Move the mouse cursor to specific positions or UI elements:

// Move to absolute coordinates
await move({ coordinates: "500,300" })

// Move to center of screen
await move({ center: true })

// Move to a specific UI element
await move({ id: "B1" })

// Smooth movement with animation
await move({ coordinates: "100,200", smooth: true, duration: 1000 })

🎯 The `drag` Tool

Perform drag and drop operations between UI elements or coordinates:

// Drag from one element to another
await drag({ from: "B1", to: "T1" })

// Drag using coordinates
await drag({ from_coords: "100,100", to_coords: "500,500" })

// Drag with modifiers (e.g., holding shift)
await drag({ from: "I1", to: "G2", modifiers: "shift" })

// Cross-application drag
await drag({ from: "T1", to_app: "Finder", to_coords: "300,400" })

🔐 The `permissions` Tool

Check macOS system permissions required for automation:

// Check all permissions
await permissions({})

// Returns permission status for:
// - Screen Recording (required for screenshots)
// - Accessibility (required for UI automation)

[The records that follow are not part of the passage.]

lemma prob_space_view:
  assumes "valid_adversary nb \<Delta> MR A" and "prob_space MR" and "\<beta> > 0"
  shows "prob_space (view (laplace \<beta>) MR A b k)"
  unfolding view_def
  by (intro prob_space.prob_space_distr prob_space_pair measurable_view_map[OF assms(1)] assms(2)
      prob_space_laplace_noise assms(3))

lemma emeasure_view:
  assumes "valid_adversary nb \<Delta> MR A" and "S \<in> sets (MR \<Otimes>\<^sub>M histories k)"
  shows "emeasure (view (laplace \<beta>) MR A b k) S
       = (\<integral>\<^sup>+(r, z). indicator S (r, outs A b r z k) \<partial>(MR \<Otimes>\<^sub>M laplace_noise \<beta> k))"
proof -
  have "emeasure (view (laplace \<beta>) MR A b k) S = (\<integral>\<^sup>+x. indicator S x \<partial>view (laplace \<beta>) MR A b k)"
    using assms(2) by (simp add: view_def)
  also have "\<dots> = (\<integral>\<^sup>+\<omega>. indicator S ((\<lambda>(r, z). (r, outs A b r z k)) \<omega>) \<partial>(MR \<Otimes>\<^sub>M laplace_noise \<beta> k))"
    unfolding view_def using assms(2) by (intro nn_integral_distr measurable_view_map[OF assms(1)]) simp
  finally show ?thesis
    by (simp add: split_beta')
qed

lemma emeasure_view_flip_bit:
  assumes valid: "valid_adversary nb \<Delta> MR A" and "\<beta> > 0" and S: "S \<in> sets (MR \<Otimes>\<^sub>M histories k)"
  shows "emeasure (view (laplace \<beta>) MR A (\<not> b) k) S
       = (\<integral>\<^sup>+(r, z). indicator S (r, outs A b r z k) * ennreal (exp (- privacy_loss \<beta> A b r z k))
            \<partial>(MR \<Otimes>\<^sub>M laplace_noise \<beta> k))"
proof -
  interpret noise: prob_space "laplace_noise \<beta> k"
    using \<open>\<beta> > 0\<close> by (rule prob_space_laplace_noise)
  have indicator_view [measurable]:
    "(\<lambda>(r, z). indicator S (r, outs A c r z k) :: ennreal) \<in> borel_measurable (MR \<Otimes>\<^sub>M laplace_noise \<beta> k)" for c
    using measurable_comp[OF measurable_view_map[OF valid] borel_measurable_indicator[OF S]]
    by (simp add: comp_def split_beta')
  note measurable_privacy_loss[OF valid order_refl, measurable]
  have "emeasure (view (laplace \<beta>) MR A (\<not> b) k) S
      = (\<integral>\<^sup>+r. (\<integral>\<^sup>+z. indicator S (r, outs A (\<not> b) r z k) \<partial>laplace_noise \<beta> k) \<partial>MR)"
    unfolding emeasure_view[OF valid S] using noise.nn_integral_fst[OF indicator_view] by simp
  also have "\<dots> = (\<integral>\<^sup>+r. (\<integral>\<^sup>+z. indicator S (r, outs A b r z k) * ennreal (exp (- privacy_loss \<beta> A b r z k))
                     \<partial>laplace_noise \<beta> k) \<partial>MR)"
  proof (rule nn_integral_cong)
    fix r assume r: "r \<in> space MR"
    have "(\<lambda>h. indicator S (r, h) :: ennreal) \<in> borel_measurable (histories k)"
      using measurable_comp[OF measurable_Pair1'[OF r] borel_measurable_indicator[OF S]] by (simp add: comp_def)
    from nn_integral_outs_flip_bit[OF valid \<open>\<beta> > 0\<close> r this]
    show "(\<integral>\<^sup>+z. indicator S (r, outs A (\<not> b) r z k) \<partial>laplace_noise \<beta> k)
        = (\<integral>\<^sup>+z. indicator S (r, outs A b r z k) * ennreal (exp (- privacy_loss \<beta> A b r z k)) \<partial>laplace_noise \<beta> k)" .
  qed
  also have "\<dots> = (\<integral>\<^sup>+(r, z). indicator S (r, outs A b r z k) * ennreal (exp (- privacy_loss \<beta> A b r z k))
                     \<partial>(MR \<Otimes>\<^sub>M laplace_noise \<beta> k))"
    using noise.nn_integral_fst[of "\<lambda>(r, z). indicator S (r, outs A b r z k) * ennreal (exp (- privacy_loss \<beta> A b r z k))"]
    by simp
  finally show ?thesis .
qed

📝 The `run` Tool - Automation Scripts

Execute complex automation workflows from JSON script files:

// Run a script
await run({ script_path: "/path/to/login.peekaboo.json" })

// Continue on error
await run({ script_path: "test.peekaboo.json", no_fail_fast: true })

Script Format (.peekaboo.json)

{
  "name": "Login to Website",
  "description": "Automated login workflow",
  "commands": [
    {
      "command": "see",
      "args": { "app_target": "Safari" },
      "comment": "Capture current state"
    },
    {
      "command": "click",
      "args": { "query": "Email" },
      "comment": "Click email field"
    },
    {
      "command": "type",
      "args": { "text": "user@example.com" }
    },
    {
      "command": "click",
      "args": { "query": "Password" }
    },
    {
      "command": "type",
      "args": { "text": "secure_password" }
    },
    {
      "command": "click",
      "args": { "query": "Sign In" }
    },
    {
      "command": "sleep",
      "args": { "duration": 2000 },
      "comment": "Wait for login"
    }
  ]
}

🎯 Automatic Window Focus Management

Peekaboo v3 includes intelligent window focus management that ensures your automation commands target the correct window, even across different macOS Spaces (virtual desktops).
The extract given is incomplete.